_WHAT YOU ARE ASKED TO DO:_ If a line in the listing includes the word "define", copy it out.
[Start of section]
lemma row_sum_eq_sum_nbrs:
  fixes f :: "nat \<Rightarrow> real"
  shows "(\<Sum>j<tree_order r1 r2 h q1 q2. (if adj i j then 1 else 0) * f j) = sum f {j. adj i j}"
proof -
  have "(\<Sum>j<tree_order r1 r2 h q1 q2. (if adj i j then 1 else 0) * f j)
      = (\<Sum>j<tree_order r1 r2 h q1 q2. if adj i j then f j else 0)"
    by (rule sum.cong) auto
  also have "\<dots> = sum f {j \<in> {..<tree_order r1 r2 h q1 q2}. adj i j}"
    by (rule sum.inter_filter[symmetric]) simp
  also have "{j \<in> {..<tree_order r1 r2 h q1 q2}. adj i j} = {j. adj i j}"
    using adj_less by auto
  finally show ?thesis .
qed

end

section \<open>The eigenvector\<close>

(* The three branch solutions, each scaled by the root values of the other two, so that all of
   them agree at the root 0. *)
definition tree_vec :: "nat \<Rightarrow> nat \<Rightarrow> nat \<Rightarrow> nat \<Rightarrow> nat \<Rightarrow> real \<Rightarrow> nat \<Rightarrow> real" where
  "tree_vec r1 r2 h q1 q2 t i =
    (let P = pendant_val t; Q1 = broom_val r1 t; Q2 = broom_val r2 t;
         b1 = h + q1 + q2 + 1; b2 = b1 + 2 * r1 in
     if i \<le> h then P (h - i) * Q1 q1 * Q2 q2
     else if i \<le> h + q1 then Q1 (h + q1 - i) * P h * Q2 q2
     else if i \<le> h + q1 + q2 then Q2 (h + q1 + q2 - i) * P h * Q1 q1
     else if i < b2 then P (if even (i - b1) then 1 else 0) * P h * Q2 q2
     else P (if even (i - b2) then 1 else 0) * P h * Q1 q1)"

lemma tree_vec_pos:
  assumes "1 < t" "2 \<le> r1" "2 \<le> r2" "0 \<le> broom_a r1 t" "0 \<le> broom_a r2 t"
  shows "0 < tree_vec r1 r2 h q1 q2 t i"
  using assms by (simp add: tree_vec_def Let_def pendant_val_pos broom_val_pos)

locale tree_eigen = tree_shape +
  fixes t :: real
  assumes t_nonzero: "t \<noteq> 0"
begin

abbreviation "x \<equiv> tree_vec r1 r2 h q1 q2 t"
abbreviation "P \<equiv> pendant_val t"
abbreviation "Q1 \<equiv> broom_val r1 t"
abbreviation "Q2 \<equiv> broom_val r2 t"

lemma x_pendant: "i \<le> h \<Longrightarrow> x i = P (h - i) * Q1 q1 * Q2 q2"
  by (simp add: tree_vec_def Let_def)

lemma x_branch1: "h < i \<Longrightarrow> i \<le> h + q1 \<Longrightarrow> x i = Q1 (h + q1 - i) * P h * Q2 q2"
  by (simp add: tree_vec_def Let_def)

lemma x_branch2: "h + q1 < i \<Longrightarrow> i \<le> h + q1 + q2 \<Longrightarrow> x i = Q2 (h + q1 + q2 - i) * P h * Q1 q1"
  by (simp add: tree_vec_def Let_def)

lemma x_broom1: "b1 \<le> i \<Longrightarrow> i < b2 \<Longrightarrow> x i = P (if even (i - b1) then 1 else 0) * P h * Q2 q2"
  by (simp add: tree_vec_def Let_def)

lemma x_broom2: "b2 \<le> i \<Longrightarrow> x i = P (if even (i - b2) then 1 else 0) * P h * Q1 q1"
  by (simp add: tree_vec_def Let_def)

lemma eigen_eq_root:
  assumes "P h \<noteq> 0" "Q1 q1 \<noteq> 0" "Q2 q2 \<noteq> 0" and defect: "root_defect r1 r2 h q1 q2 t = 0"
  shows "sum x {j. adj 0 j} = lam t * x 0"
proof -
  have "sum x {j. adj 0 j} = x 1 + x (h + 1) + x (h + q1 + 1)"
    using shape by (simp add: nbrs_root)
  also have "\<dots> = P (h - 1) * Q1 q1 * Q2 q2 + Q1 (q1 - 1) * P h * Q2 q2 + Q2 (q2 - 1) * P h * Q1 q1"
    using shape by (simp add: x_pendant x_branch1 x_branch2)
  also have "\<dots> = (P (h - 1) / P h + Q1 (q1 - 1) / Q1 q1 + Q2 (q2 - 1) / Q2 q2) * (P h * Q1 q1 * Q2 q2)"
    using assms(1-3) by (simp add: field_simps)
  also have "\<dots> = lam t * x 0"
    using defect by (simp add: root_defect_def x_pendant)
  finally show ?thesis .
qed

lemma eigen_eq_pendant:
  assumes "0 < i" "i \<le> h"
  shows "sum x {j. adj i j} = lam t * x i"
proof (cases "i = h")
  case True
  then show ?thesis
    using shape by (simp add: nbrs_pendant_end x_pendant pendant_val_1[OF t_nonzero])
next
  case False
  then obtain k where k: "h - i = Suc k"
    using assms by (cases "h - i") auto
  then have "h - (i - 1) = Suc (Suc k)" "h - (i + 1) = k"
    using assms by auto
  then have "sum x {j. adj i j} = (P (Suc (Suc k)) + P k) * Q1 q1 * Q2 q2"
    using assms False by (simp add: nbrs_pendant x_pendant algebra_simps)
  then show ?thesis
    using assms k by (simp add: pendant_val_step[OF t_nonzero] x_pendant)
qed

lemma eigen_eq_hub1: "sum x {j. adj (h + q1) j} = lam t * x (h + q1)"
proof -
  have "h + q1 - 1 \<notin> (\<lambda>k. b1 + 2 * k) ` {..<r1}"
    by auto
  then have "sum x {j. adj (h + q1) j} = x (h + q1 - 1) + (\<Sum>k<r1. x (b1 + 2 * k))"
    by (simp add: nbrs_hub1 sum.reindex inj_on_def)
  then show ?thesis
    using shape by (simp add: x_branch1 x_broom1 broom_val_1[OF t_nonzero] algebra_simps)
qed

lemma eigen_eq_branch1:
  assumes "h < i" "i < h + q1"
  shows "sum x {j. adj i j} = lam t * x i"
proof -
  obtain k where k: "h + q1 - i = Suc k"
    using assms by (cases "h + q1 - i") auto
  define p where "p = (if i = h + 1 then 0 else i - 1)"
  have nbrs: "{j. adj i j} = {p, i + 1}"
    unfolding p_def by (rule nbrs_branch1) (use assms in auto)
  have "p \<noteq> i + 1"
    unfolding p_def by auto
  have x_i: "x i = Q1 (Suc k) * P h * Q2 q2"
    using assms k by (simp add: x_branch1)
  have "h + q1 - (i + 1) = k" "i + 1 \<le> h + q1"
    using k by arith+
  then have x_next: "x (i + 1) = Q1 k * P h * Q2 q2"
    using assms by (simp add: x_branch1)
  have x_p: "x p = Q1 (Suc (Suc k)) * P h * Q2 q2"
  proof (cases "i = h + 1")
    case True
    then have "q1 = Suc (Suc k)"
      using k by arith
    then have "Q1 q1 = Q1 (Suc (Suc k))"
      by simp
    then show ?thesis
      using True unfolding p_def by (simp add: x_pendant)
  next
    case False
    then have "h + q1 - (i - 1) = Suc (Suc k)"
      using assms k by auto
    then show ?thesis
      using assms False unfolding p_def by (simp add: x_branch1)
  qed
  have "sum x {j. adj i j} = x p + x (i + 1)"
    using \<open>p \<noteq> i + 1\<close> unfolding nbrs by simp
  also have "\<dots> = lam t * x i"
    unfolding x_p x_next x_i broom_val_step[OF t_nonzero] by (simp add: algebra_simps)
  finally show ?thesis .
qed

lemma eigen_eq_hub2: "sum x {j. adj (h + q1 + q2) j} = lam t * x (h + q1 + q2)"
proof -
  have "h + q1 + q2 - 1 \<notin> (\<lambda>k. b2 + 2 * k) ` {..<r2}"
    by auto
  then have "sum x {j. adj (h + q1 + q2) j} = x (h + q1 + q2 - 1) + (\<Sum>k<r2. x (b2 + 2 * k))"
    by (simp add: nbrs_hub2 sum.reindex inj_on_def)
  then show ?thesis
    using shape by (simp add: x_branch2 x_broom2 broom_val_1[OF t_nonzero] algebra_simps)
qed

lemma eigen_eq_branch2:
  assumes "h + q1 < i" "i < h + q1 + q2"
  shows "sum x {j. adj i j} = lam t * x i"
proof -
  obtain k where k: "h + q1 + q2 - i = Suc k"
    using assms by (cases "h + q1 + q2 - i") auto
  define p where "p = (if i = h + q1 + 1 then 0 else i - 1)"
  have nbrs: "{j. adj i j} = {p, i + 1}"
    unfolding p_def by (rule nbrs_branch2) (use assms in auto)
  have "p \<noteq> i + 1"
    unfolding p_def by auto
  have x_i: "x i = Q2 (Suc k) * P h * Q1 q1"
    using assms k by (simp add: x_branch2)
  have "h + q1 + q2 - (i + 1) = k" "i + 1 \<le> h + q1 + q2"
    using k by arith+
  then have x_next: "x (i + 1) = Q2 k * P h * Q1 q1"
    using assms by (simp add: x_branch2)
  have x_p: "x p = Q2 (Suc (Suc k)) * P h * Q1 q1"
  proof (cases "i = h + q1 + 1")
    case True
    then have "q2 = Suc (Suc k)"
      using k by arith
    then have "Q2 q2 = Q2 (Suc (Suc k))"
      by simp
    then show ?thesis
      using True unfolding p_def by (simp add: x_pendant)
  next
    case False
    then have "h + q1 + q2 - (i - 1) = Suc (Suc k)"
      using assms k by auto
    then show ?thesis
      using assms False unfolding p_def by (simp add: x_branch2)
  qed
  have "sum x {j. adj i j} = x p + x (i + 1)"
    using \<open>p \<noteq> i + 1\<close> unfolding nbrs by simp
  also have "\<dots> = lam t * x i"
    unfolding x_p x_next x_i broom_val_step[OF t_nonzero] by (simp add: algebra_simps)
  finally show ?thesis .
qed

lemma eigen_eq_mid1:
  assumes "k < r1"
  shows "sum x {j. adj (b1 + 2 * k) j} = lam t * x (b1 + 2 * k)"
proof -
  have "x (b1 + 2 * k + 1) = P 0 * P h * Q2 q2" "x (b1 + 2 * k) = P 1 * P h * Q2 q2"
    using assms by (simp_all add: x_broom1)
  moreover have "sum x {j. adj (b1 + 2 * k) j} = x (h + q1) + x (b1 + 2 * k + 1)"
    unfolding nbrs_mid1[OF assms] by simp
  ultimately show ?thesis
    using shape by (simp add: x_branch1 broom_val_0[OF t_nonzero] algebra_simps)
qed

lemma eigen_eq_leaf1:
  assumes "k < r1"
  shows "sum x {j. adj (b1 + 2 * k + 1) j} = lam t * x (b1 + 2 * k + 1)"
proof -
  have "x (b1 + 2 * k + 1) = P 0 * P h * Q2 q2" "x (b1 + 2 * k) = P 1 * P h * Q2 q2"
    using assms by (simp_all add: x_broom1)
  then show ?thesis
    unfolding nbrs_leaf1[OF assms] by (simp add: pendant_val_1[OF t_nonzero])
qed

lemma eigen_eq_mid2:
  assumes "k < r2"
  shows "sum x {j. adj (b2 + 2 * k) j} = lam t * x (b2 + 2 * k)"
proof -
  have "x (b2 + 2 * k + 1) = P 0 * P h * Q1 q1" "x (b2 + 2 * k) = P 1 * P h * Q1 q1"
    using assms by (simp_all add: x_broom2)
  moreover have "sum x {j. adj (b2 + 2 * k) j} = x (h + q1 + q2) + x (b2 + 2 * k + 1)"
    unfolding nbrs_mid2[OF assms] by simp
  ultimately show ?thesis
    using shape by (simp add: x_branch2 broom_val_0[OF t_nonzero] algebra_simps)
qed

lemma eigen_eq_leaf2:
  assumes "k < r2"
  shows "sum x {j. adj (b2 + 2 * k + 1) j} = lam t * x (b2 + 2 * k + 1)"
proof -
  have "x (b2 + 2 * k + 1) = P 0 * P h * Q1 q1" "x (b2 + 2 * k) = P 1 * P h * Q1 q1"
    using assms by (simp_all add: x_broom2)
  then show ?thesis
    unfolding nbrs_leaf2[OF assms] by (simp add: pendant_val_1[OF t_nonzero])
qed

lemma eigen_eq:
  assumes "P h \<noteq> 0" "Q1 q1 \<noteq> 0" "Q2 q2 \<noteq> 0" "root_defect r1 r2 h q1 q2 t = 0"
    and i: "i < tree_order r1 r2 h q1 q2"
  shows "sum x {j. adj i j} = lam t * x i"
  using i
proof (cases rule: vertex_cases)
  case root
  then show ?thesis
    using eigen_eq_root[OF assms(1-4)] by simp
next
  case pendant
  then show ?thesis
    by (rule eigen_eq_pendant)
next
  case branch1
  then show ?thesis
    using eigen_eq_hub1 eigen_eq_branch1 by (cases "i = h + q1") auto
next
  case branch2
  then show ?thesis
    using eigen_eq_hub2 eigen_eq_branch2 by (cases "i = h + q1 + q2") auto
next
  case (mid1 k)
  show ?thesis
    unfolding mid1(2) by (rule eigen_eq_mid1[OF mid1(1)])
next
  case (leaf1 k)
  show ?thesis
    unfolding leaf1(2) by (rule eigen_eq_leaf1[OF leaf1(1)])
next
  case (mid2 k)
  show ?thesis
    unfolding mid2(2) by (rule eigen_eq_mid2[OF mid2(1)])
next
  case (leaf2 k)
  show ?thesis
    unfolding leaf2(2) by (rule eigen_eq_leaf2[OF leaf2(1)])
qed

end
[End of section]
_SOLVED EXERCISE:_
  define p where "p = (if i = h + 1 then 0 else i - 1)"
  define p where "p = (if i = h + q1 + 1 then 0 else i - 1)"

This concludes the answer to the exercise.